Genocide by Numbers

S-21 - Unknown Girl

and the blood of children ran through the streets
without fuss, like children’s blood.

from “I’m Explaining a Few Things” by Pablo Naruda

In her book, “The Discovery of Poetry”, Frances Mayes notes that we expect a poet to use a contrasting comparison after “like” but that Naruda tells us that there can be no simile with more impact than the repetition of “children’s blood.”

The blood of the children in these images did not run through the streets of Naruda ‘s Madrid but through the hallways of Chao Ponhea Yat high school in Phnom Penh, a high school converted by the Khmer Rouge into Security Prison 21 (S-21).

We do not know the names of these children. All we have are the numbers they were assigned and the photographs taken on their arrival at the prison. Of the 17,000 adults, youths and children that entered S-21 between 1975 and 1979 only 12 are known to have come out alive. Genocide by numbers: the paranoid Khmer Rouge destroyed their identities along with their lives needing only to catalog false confessions obtained by torture to justify their actions.

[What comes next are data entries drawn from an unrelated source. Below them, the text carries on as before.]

lemma radii_fixed_certificate:
  assumes "E \<subseteq> verts n \<times> verts n" and "vertex_partition n Vp Vm Veq V0"
    and fixed: "\<forall>x' y' r'. inf_flex E x y r x' y' r' \<and> proper_flex Vp Vm Veq r' \<longrightarrow> (\<forall>i\<in>Vp \<union> Vm. r' i = 0)"
  obtains c l \<mu> where "\<forall>i\<in>Vp \<union> Vm. c i \<ge> 0"
    and "\<And>x' y' r'. (\<Sum>i\<in>Vm. r' i) - (\<Sum>i\<in>Vp. r' i) =
      (\<Sum>i\<in>Vp \<union> Vm. c i * (if i \<in> Vp then 1 else - 1) * r' i)
      + (\<Sum>(i, j)\<in>E. l i j * flex_defect x y r x' y' r' i j) + (\<Sum>i\<in>Veq. \<mu> i * r' i)"
proof -
  have part: "Vp \<union> Vm \<union> Veq \<union> V0 = verts n" "Vp \<inter> Vm = {}"
    using assms(2) by (auto simp: vertex_partition_def)
  then have fin: "finite Vp" "finite Vm" "finite Veq"
    by (metis finite_Un finite_atLeastAtMost verts_def)+
  have "finite E"
    by (rule finite_subset[OF assms(1)]) (simp add: verts_def)
  define a :: "nat \<Rightarrow> flex \<Rightarrow> real" where
    "a i = (\<lambda>(x', y', r'). (if i \<in> Vp then 1 else - 1) * r' i)" for i
  define e :: "(nat \<times> nat) + nat \<Rightarrow> flex \<Rightarrow> real" where
    "e k = (case k of Inl (i, j) \<Rightarrow> (\<lambda>(x', y', r'). flex_defect x y r x' y' r' i j)
                    | Inr i \<Rightarrow> (\<lambda>(x', y', r'). r' i))" for k
  \<comment> \<open>b is \<open>\<le> 0\<close> on every proper flex, so \<open>b \<ge> 0\<close> there says exactly that the radii in Vp and Vm stay fixed.\<close>
  define b :: "flex \<Rightarrow> real" where
    "b = (\<lambda>(x', y', r'). (\<Sum>i\<in>Vm. r' i) - (\<Sum>i\<in>Vp. r' i))"
  have "\<forall>i\<in>Vp \<union> Vm. linear (a i)"
    by (auto simp: a_def linear_iff case_prod_unfold)
  moreover have "\<forall>k\<in>E <+> Veq. linear (e k)"
    by (auto simp: e_def linear_iff case_prod_unfold flex_defect_def algebra_simps)
  moreover have "linear b"
    by (simp add: b_def linear_iff case_prod_unfold sum.distrib sum_distrib_left algebra_simps)
  moreover have "\<forall>v. (\<forall>i\<in>Vp \<union> Vm. a i v \<ge> 0) \<and> (\<forall>k\<in>E <+> Veq. e k v = 0) \<longrightarrow> b v \<ge> 0"
  proof (intro allI impI, elim conjE)
    fix v :: flex
    obtain x' y' r' where v: "v = (x', y', r')"
      by (cases v) auto
    assume signs: "\<forall>i\<in>Vp \<union> Vm. a i v \<ge> 0" and eqs: "\<forall>k\<in>E <+> Veq. e k v = 0"
    have flex: "inf_flex E x y r x' y' r'"
      using eqs by (auto simp: inf_flex_iff_flex_defect e_def v dest: bspec[OF _ InlI])
    have "proper_flex Vp Vm Veq r'"
      using signs eqs part(2)
      by (auto simp: proper_flex_def a_def e_def v disjoint_iff dest: bspec[OF _ InrI] split: if_splits)
    with flex have "\<forall>i\<in>Vp \<union> Vm. r' i = 0"
      using fixed by blast
    then show "b v \<ge> 0"
      by (simp add: b_def v)
  qed
  ultimately obtain c d where "\<forall>i\<in>Vp \<union> Vm. c i \<ge> 0"
    and farkas: "\<forall>v. b v = (\<Sum>i\<in>Vp \<union> Vm. c i * a i v) + (\<Sum>k\<in>E <+> Veq. d k * e k v)"
    using farkas_lemma_with_equalities[of "Vp \<union> Vm" "E <+> Veq" a e b] fin \<open>finite E\<close>
    by auto
  moreover have "(\<Sum>k\<in>E <+> Veq. d k * e k (x', y', r')) =
      (\<Sum>(i, j)\<in>E. d (Inl (i, j)) * flex_defect x y r x' y' r' i j) + (\<Sum>i\<in>Veq. d (Inr i) * r' i)"
    for x' y' r'
    using \<open>finite E\<close> fin by (simp add: sum.Plus e_def comp_def case_prod_unfold)
  ultimately show ?thesis
    using farkas[rule_format, of "(_, _, _)"]
    by (intro that[of c "\<lambda>i j. d (Inl (i, j))" "\<lambda>i. d (Inr i)"]) (simp_all add: a_def b_def mult.assoc add.assoc)
qed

Yale University’s Cambodian Genocide Program (CGP) web site provides a searchable database of 5,000 prisoner photographs from S-21, almost all unidentified. All that remains of them is a number and a single black and white picture; 12,000 more do not have even that.

S-21 - Unknown Children

S-21 - Seven Unknown

S-21 - A Phnom Penh high school

Chao Ponhea Yat high school, Security Prison 21, is today the Tuol Sleng Genocide Museum in Phnom Penh, Cambodia.

I made these pieces in 2003 but I have not published them until now. Seeing my own children in their eyes, I wanted somehow to mark and remember these kids that never grew up, give them a little bit more than just a number. The backgrounds, crying landscapes, come from the Trees, River, Grass, Ranch series made in the Colorado Rockies earlier the same year.

As with all the other images on this site, the profit from any sales will go to charity; for these pictures, Save the Children will always be the beneficiary.